Her manager, Suresh Naik, admits that while the company’s culture is against discrimination of any sorts, he was little concerned about target deliverables that the new resource would have to achieve, so he discussed with his boss. “My boss was clear that our company culture values human resources and so we stuck to our decision," says Suresh.
Managing immediate work
But how do managers work through the dilemma of achieving business targets attached to the resource who will go on a long leave? PayPal India’s managing director Anupam Pahuja, who was involved in Naik’s recruitment, says when Naik went on her maternity leave, the company moved people around in different roles and filled the gap. “She didn’t skip a beat when she came back. I feel a lot of apprehensions and issues are our own creations," he says.
At Bayer Group, K.S. Harish, HR head (South Asia), says Kulkarni’s absence provided an opportunity for junior colleagues to take initiative and be more involved in strategic work. “We couldn’t get a short-term replacement for her role as it was a fairly big role but her workload was taken by her boss and it also gave an opportunity to next level leaders," he says.
Benefits of equal chance
Statistics around participation of female labour force in India show that women exit workplaces in substantial numbers every year during maternity, and the talent deficit this creates is huge, highlights Saundarya Rajesh, founder president of Avtar Group, a diversity and inclusion strategy firm. So, how do you change the mindset of the hiring managers to being more receptive? “It makes huge business sense for a company if the skill that an expectant mother brings in is far more exceeding than the number of days that she will go on leave, or for that matter, stay on a flexible working option. The skill is going to reap in more efficiency that will result in the bottom line," she says.

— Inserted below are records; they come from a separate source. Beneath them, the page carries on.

lemma Fm_le_ln:
  assumes "1/2 < m"
  shows "Fm m t \<le> ln 2 + Fm m 0 + ln (1 + t\<^sup>2)"
proof -
  interpret prob_space "num m" using prob_space_num[OF assms] .
  have "Fm m t \<le> (LINT x|num m. ln 2 + ln (1 + t\<^sup>2) + ln (1 + x\<^sup>2))"
    unfolding Fm_def using integrable_num_ln_shift[OF assms, of 0] integrable_num_ln_shift[OF assms, of t]
      ln_one_plus_square_add_le[of _ "- t"]
    by (intro Bochner_Integration.integral_mono) (auto simp: add_ac)
  also have "\<dots> = ln 2 + ln (1 + t\<^sup>2) + Fm m 0"
    unfolding Fm_def using integrable_num_ln_shift[OF assms, of 0] by (simp add: prob_space)
  finally show ?thesis by simp
qed

lemma ln_le_Fm:
  assumes "1/2 < m"
  shows "ln (1 + t\<^sup>2) \<le> ln 2 + Fm m 0 + Fm m t"
proof -
  interpret prob_space "num m" using prob_space_num[OF assms] .
  have pointwise: "ln (1 + t\<^sup>2) \<le> ln 2 + ln (1 + x\<^sup>2) + ln (1 + (x - t)\<^sup>2)" for x
    using ln_one_plus_square_add_le[of x "t - x"] by (simp add: power2_commute)
  have "ln (1 + t\<^sup>2) = (LINT x|num m. ln (1 + t\<^sup>2))"
    by (simp add: prob_space)
  also have "\<dots> \<le> (LINT x|num m. ln 2 + ln (1 + x\<^sup>2) + ln (1 + (x - t)\<^sup>2))"
    using integrable_num_ln_shift[OF assms, of 0] integrable_num_ln_shift[OF assms, of t]
    by (intro Bochner_Integration.integral_mono pointwise) auto
  also have "\<dots> = ln 2 + Fm m 0 + Fm m t"
    unfolding Fm_def using integrable_num_ln_shift[OF assms, of 0] integrable_num_ln_shift[OF assms, of t]
    by (simp add: prob_space)
  finally show ?thesis .
qed

lemma (in prob_space) Chernoff_lower_tail_iid:
  fixes X :: "'i \<Rightarrow> 'a \<Rightarrow> real" and g :: "real \<Rightarrow> real" and \<mu> :: "real measure"
  assumes "finite I" and indep: "indep_vars (\<lambda>_. borel) X I"
    and distr_X: "\<And>i. i \<in> I \<Longrightarrow> distr M borel (X i) = \<mu>"
    and [measurable]: "g \<in> borel_measurable borel" and g_nonneg: "\<And>x. 0 \<le> g x" and "0 \<le> l"
  shows "prob {\<omega> \<in> space M. (\<Sum>i\<in>I. g (X i \<omega>)) \<le> a}
           \<le> exp (l * a) * (\<integral>x. exp (- l * g x) \<partial>\<mu>) ^ card I"
proof -
  define W where "W \<omega> = (\<Prod>i\<in>I. exp (- l * g (X i \<omega>)))" for \<omega>
  have X_measurable [measurable]: "X i \<in> borel_measurable M" if "i \<in> I" for i
    using indep that by (simp add: indep_vars_def2)
  have indep_exp: "indep_vars (\<lambda>_. borel) (\<lambda>i \<omega>. exp (- l * g (X i \<omega>))) I"
    by (rule indep_vars_compose2[OF indep]) measurable
  have exp_le_1: "exp (- l * g x) \<le> 1" for x
    using g_nonneg[of x] \<open>0 \<le> l\<close> by simp
  have int: "integrable M (\<lambda>\<omega>. exp (- l * g (X i \<omega>)))" if "i \<in> I" for i
    using that exp_le_1 by (intro integrable_const_bound[of _ 1]) auto
  have "expectation W = (\<Prod>i\<in>I. expectation (\<lambda>\<omega>. exp (- l * g (X i \<omega>))))"
    unfolding W_def by (rule indep_vars_lebesgue_integral[OF \<open>finite I\<close> indep_exp int])
  also have "\<dots> = (\<Prod>i\<in>I. \<integral>x. exp (- l * g x) \<partial>\<mu>)"
    by (intro prod.cong refl) (simp add: integral_distr flip: distr_X)
  finally have EW: "expectation W = (\<integral>x. exp (- l * g x) \<partial>\<mu>) ^ card I"
    by simp
  have "{\<omega> \<in> space M. (\<Sum>i\<in>I. g (X i \<omega>)) \<le> a} \<subseteq> {\<omega> \<in> space M. exp (- l * a) \<le> W \<omega>}"
  proof safe
    fix \<omega> assume "(\<Sum>i\<in>I. g (X i \<omega>)) \<le> a"
    then have "- l * a \<le> - l * (\<Sum>i\<in>I. g (X i \<omega>))"
      using \<open>0 \<le> l\<close> by (simp add: mult_left_mono)
    also have "exp (- l * (\<Sum>i\<in>I. g (X i \<omega>))) = W \<omega>"
      unfolding W_def using \<open>finite I\<close> by (simp add: sum_distrib_left exp_sum)
    finally show "exp (- l * a) \<le> W \<omega>"
      by simp
  qed
  then have "prob {\<omega> \<in> space M. (\<Sum>i\<in>I. g (X i \<omega>)) \<le> a} \<le> prob {\<omega> \<in> space M. exp (- l * a) \<le> W \<omega>}"
    unfolding W_def by (intro finite_measure_mono) measurable
  also have "\<dots> \<le> expectation W / exp (- l * a)"
    unfolding W_def using \<open>finite I\<close>
    by (intro integral_Markov_inequality_measure[where A = "space M"] indep_vars_integrable[OF _ indep_exp int])
       (auto intro!: AE_I2 prod_nonneg)
  finally show ?thesis
    by (simp add: EW exp_minus divide_inverse mult.commute)
qed

lemma (in prob_space) expectation_exp_neg_le:
  fixes Y :: "'a \<Rightarrow> real"
  assumes "integrable M Y" "integrable M (\<lambda>x. (Y x)\<^sup>2)" "\<And>x. 0 \<le> Y x" "0 \<le> l"
  shows "expectation (\<lambda>x. exp (- l * Y x)) \<le> exp (- l * expectation Y + l\<^sup>2 / 2 * expectation (\<lambda>x. (Y x)\<^sup>2))"
proof -
  have [measurable]: "Y \<in> borel_measurable M"
    using assms(1) by simp
  have "expectation (\<lambda>x. exp (- l * Y x)) \<le> expectation (\<lambda>x. 1 - l * Y x + l\<^sup>2 / 2 * (Y x)\<^sup>2)"
  proof (intro integral_mono)
    show "integrable M (\<lambda>x. exp (- l * Y x))"
      using assms(3,4) by (intro integrable_const_bound[of _ 1]) auto
    show "integrable M (\<lambda>x. 1 - l * Y x + l\<^sup>2 / 2 * (Y x)\<^sup>2)"
      using assms(1,2) by auto
    fix x
    show "exp (- l * Y x) \<le> 1 - l * Y x + l\<^sup>2 / 2 * (Y x)\<^sup>2"
      using exp_minus_le_quadratic[of "l * Y x"] assms(3,4) by (simp add: power_mult_distrib)
  qed
  also have "\<dots> = 1 + (- l * expectation Y + l\<^sup>2 / 2 * expectation (\<lambda>x. (Y x)\<^sup>2))"
    using assms(1,2) by (simp add: prob_space)
  also have "\<dots> \<le> exp (- l * expectation Y + l\<^sup>2 / 2 * expectation (\<lambda>x. (Y x)\<^sup>2))"
    by (rule exp_ge_add_one_self)
  finally show ?thesis .
qed

lemma num_exp_neg_ln_shift_le_far:
  assumes "1/2 < m" "0 < l" "l \<le> e" "e < m - 1/2"
  shows "(LINT x|num m. exp (- l * ln (1 + (x - t)\<^sup>2)))
           \<le> exp (l * (ln 2 - ln (1 + t\<^sup>2) + ((LINT x|num m. (1 + x\<^sup>2) powr e) - 1) / e))"
proof -
  interpret prob_space "num m" using prob_space_num[OF assms(1)] .
  define E1 where "E1 = exp (l * (ln 2 - ln (1 + t\<^sup>2)))"
  define EZ where "EZ = (LINT x|num m. (1 + x\<^sup>2) powr e)"
  have pos: "0 < 1 + y\<^sup>2" for y :: real
    by (simp add: add_pos_nonneg)
  have pointwise: "exp (- l * ln (1 + (x - t)\<^sup>2)) \<le> E1 * (1 + l / e * ((1 + x\<^sup>2) powr e - 1))" for x
  proof -
    have "- l * ln (1 + (x - t)\<^sup>2) \<le> l * (ln 2 - ln (1 + t\<^sup>2)) + l * ln (1 + x\<^sup>2)"
      using mult_left_mono[OF ln_one_plus_square_add_le[of x "t - x"], of l] assms(2)
      by (simp add: power2_commute algebra_simps)
    then have "exp (- l * ln (1 + (x - t)\<^sup>2)) \<le> exp (l * (ln 2 - ln (1 + t\<^sup>2)) + l * ln (1 + x\<^sup>2))"
      by simp
    also have "\<dots> = E1 * (1 + x\<^sup>2) powr l"
      unfolding E1_def using pos[of x] by (simp add: powr_def exp_add mult.commute)
    also have "(1 + x\<^sup>2) powr l = ((1 + x\<^sup>2) powr e) powr (l / e)"
      using assms by (simp add: powr_powr)
    also have "\<dots> \<le> 1 + l / e * ((1 + x\<^sup>2) powr e - 1)"
      using assms pos[of x] by (intro powr_le_one_plus_mult) auto
    finally show ?thesis
      unfolding E1_def by simp
  qed
  have "(LINT x|num m. exp (- l * ln (1 + (x - t)\<^sup>2))) \<le> (LINT x|num m. E1 * (1 + l / e * ((1 + x\<^sup>2) powr e - 1)))"
  proof (intro integral_mono pointwise)
    show "integrable (num m) (\<lambda>x. exp (- l * ln (1 + (x - t)\<^sup>2)))"
      using assms(2) by (intro integrable_const_bound[of _ 1]) (auto simp: num_def)
    show "integrable (num m) (\<lambda>x. E1 * (1 + l / e * ((1 + x\<^sup>2) powr e - 1)))"
      using integrable_num_powr[OF assms(1,4)] by auto
  qed
  also have "\<dots> = E1 * (1 + l * ((EZ - 1) / e))"
    unfolding EZ_def using integrable_num_powr[OF assms(1,4)] by (simp add: prob_space algebra_simps diff_divide_distrib)
  also have "\<dots> \<le> E1 * exp (l * ((EZ - 1) / e))"
    unfolding E1_def by (intro mult_left_mono exp_ge_add_one_self) auto
  finally show ?thesis
    unfolding E1_def EZ_def by (simp add: algebra_simps flip: exp_add)
qed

Prof. Dhir says it’s understandable for organizations to view pregnancy as an extended leave, thereby affecting targets, and that certain jobs and tasks offered to pregnant women may become an issue. “However, it is the nature of the job, task and role that should be under consideration and not being a female or being pregnant," she says. PayPal’s Pahuja agrees. As long as organizations make peace with the fact that everyone will go through some sort of life event at some point in time in their life, they are on a good wicket, he says. “Does that mean you stop and start your work every single time somebody has a life event? It’s a part of life. And people remember how you treated them during these events. They are more loyal and deliver more," he adds. Bayer’s Harish is optimistic that with time, more organizations will follow the suit and change their attitude towards pregnant women. However, in organizations that treat its employees as headcounts or as transactional cost, this would be a challenge.

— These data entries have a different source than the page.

lemma moment_eq_zero_on_perp_gauge:
  assumes M: "is_subgroup n K M"
    and correctable: "\<forall>\<gamma>1\<in>\<Gamma>. \<forall>\<gamma>2\<in>\<Gamma>. correctable_region n K G M (\<gamma>1 \<union> \<gamma>2)"
    and c_local: "\<forall>x\<in>carrierA n K. (\<forall>\<gamma>\<in>\<Gamma>. \<not> supp n x \<subseteq> \<gamma>) \<longrightarrow> c x = 0"
    and coset_sums: "\<forall>e\<in>carrierA n K. (\<Sum>u\<in>perp n K M. c (amul e u)) = 0"
    and a: "a \<in> perp n K G"
  shows "moment n K c a = 0"
proof -
  let ?C = "carrierA n K" and ?P = "perp n K M"
  have "(\<Sum>e\<in>?C. bich n a (amul e u) * c (amul e u)) = moment n K c a" if "u \<in> ?P" for u
  proof -
    have "u \<in> ?C"
      using that perp_subset_carrierA by blast
    from sum_subgroup_shift[OF is_subgroup_carrierA this, of "\<lambda>x. bich n a x * c x"] show ?thesis
      unfolding moment_def by simp
  qed
  then have "real (card ?P) * moment n K c a = (\<Sum>u\<in>?P. \<Sum>e\<in>?C. bich n a (amul e u) * c (amul e u))"
    by simp
  also have "\<dots> = (\<Sum>e\<in>?C. \<Sum>u\<in>?P. bich n a (amul e u) * c (amul e u))"
    by (rule sum.swap)
  also have "\<dots> = 0"
    using sum_coset_bich_eq_zero[OF M correctable c_local a] coset_sums by simp
  finally show ?thesis
    using card_subgroup_pos[OF is_subgroup_perp[OF subgroup_subset_carrierA[OF M]]] by simp
qed

lemma local_sum_eq_zero_on_perp_gauge:
  assumes M: "is_subgroup n K M"
    and correctable: "\<forall>\<gamma>1\<in>\<Gamma>. \<forall>\<gamma>2\<in>\<Gamma>. correctable_region n K G M (\<gamma>1 \<union> \<gamma>2)"
    and "finite \<Gamma>"
    and D_sum: "\<forall>a\<in>carrierA n K. D a = (\<Sum>\<gamma>\<in>\<Gamma>. d \<gamma> a)"
    and d_local: "\<forall>\<gamma>\<in>\<Gamma>. local_on n K \<gamma> (d \<gamma>)"
    and D_M: "\<forall>m\<in>M. D m = 0"
    and a: "a \<in> perp n K G"
  shows "D a = 0"
proof -
  have "moment n K D e = 0" if e: "e \<in> carrierA n K" and "\<forall>\<gamma>\<in>\<Gamma>. \<not> supp n e \<subseteq> \<gamma>" for e
  proof -
    have "moment n K D e = (\<Sum>\<gamma>\<in>\<Gamma>. moment n K (d \<gamma>) e)"
      unfolding moment_def using D_sum
      by (simp add: sum_distrib_left sum.swap[of _ \<Gamma>])
    also have "\<dots> = 0"
      using d_local e that by (auto intro!: sum.neutral moment_eq_zero_if_local_on)
    finally show ?thesis .
  qed
  moreover have "(\<Sum>u\<in>perp n K M. moment n K D (amul e u)) = 0" if e: "e \<in> carrierA n K" for e
    using poisson_summation[OF M e, of D] D_M card_subgroup_pos[OF M] by simp
  ultimately have "moment n K (moment n K D) a = 0"
    using moment_eq_zero_on_perp_gauge[OF M correctable _ _ a] by blast
  moreover have "a \<in> carrierA n K"
    using a perp_subset_carrierA by blast
  ultimately show ?thesis
    using moment_moment[of a n K D] card_subgroup_pos[OF is_subgroup_carrierA, of n K] by simp
qed

theorem theorem2:
  fixes n :: nat and K :: "nat \<Rightarrow> bool"
    and G M :: "elt set" and gs :: "nat set list"
    and Pg Qg :: "nat set \<Rightarrow> elt \<Rightarrow> real"
  assumes G_sub: "is_subgroup n K G"
    and M_sub: "is_subgroup n K M"
    and G_perp: "G \<subseteq> perp n K M"
    and gs_dist: "distinct gs"
    and Gamma_sub: "set gs \<subseteq> Pow {..<n}"
    and Pg_loc: "local_family n K gs Pg"
    and Qg_loc: "local_family n K gs Qg"
    and corr_reg: "\<forall>\<gamma>1\<in>set gs. \<forall>\<gamma>2\<in>set gs. correctable_region n K G M (\<gamma>1 \<union> \<gamma>2)"
    and P_pos: "\<forall>a\<in>carrierA n K. moment n K (channel n K gs Pg) a > 0"
    and Q_pos: "\<forall>a\<in>carrierA n K. moment n K (channel n K gs Qg) a > 0"
    and agree: "\<forall>s\<in>M. moment n K (channel n K gs Pg) s = moment n K (channel n K gs Qg) s"
  shows "\<forall>e\<in>carrierA n K.
           logical_channel G (channel n K gs Pg) e = logical_channel G (channel n K gs Qg) e"
proof -
  let ?mP = "moment n K (channel n K gs Pg)" and ?mQ = "moment n K (channel n K gs Qg)"
  define d where "d = (\<lambda>\<gamma> a. ln (\<bar>moment n K (Pg \<gamma>) a\<bar>) - ln (\<bar>moment n K (Qg \<gamma>) a\<bar>))"
  have D_sum: "\<forall>a\<in>carrierA n K. ln (?mP a) - ln (?mQ a) = (\<Sum>\<gamma>\<in>set gs. d \<gamma> a)"
    using ln_moment_channel gs_dist P_pos Q_pos by (simp add: d_def sum_subtractf)
  have d_local: "\<forall>\<gamma>\<in>set gs. local_on n K \<gamma> (d \<gamma>)"
  proof
    fix \<gamma>
    assume "\<gamma> \<in> set gs"
    then have "local_on n K \<gamma> (moment n K (Pg \<gamma>))" "local_on n K \<gamma> (moment n K (Qg \<gamma>))"
      using Pg_loc Qg_loc by (simp_all add: local_family_def local_on_moment)
    from local_on_combine[OF this, where F="\<lambda>x y. ln \<bar>x\<bar> - ln \<bar>y\<bar>"] show "local_on n K \<gamma> (d \<gamma>)"
      by (simp add: d_def)
  qed
  have "ln (?mP a) - ln (?mQ a) = 0" if "a \<in> perp n K G" for a
    using agree by (intro local_sum_eq_zero_on_perp_gauge[OF M_sub corr_reg finite_set D_sum d_local _ that]) simp
  then have "\<forall>a\<in>perp n K G. ?mP a = ?mQ a"
    using P_pos Q_pos perp_subset_carrierA by fastforce
  then show ?thesis
    using logical_channel_eq_if_moments_eq_on_perp[OF G_sub] by blast
qed

end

But it’s not just organizations and hiring managers, mindset of women employees too needs to change, points out Kulkarni. “When I walked into that meeting in Bayer, I was expecting that they would not make an offer. Women themselves have this mindset that if they are planning for a family or are already pregnant, they don’t make an attempt to explore opportunities because they’re too scared to get out of what they believe is a comfort zone, or they assume ‘this is not going to work’. When women see more such cases like mine being openly discussed, it’s going to bring awareness."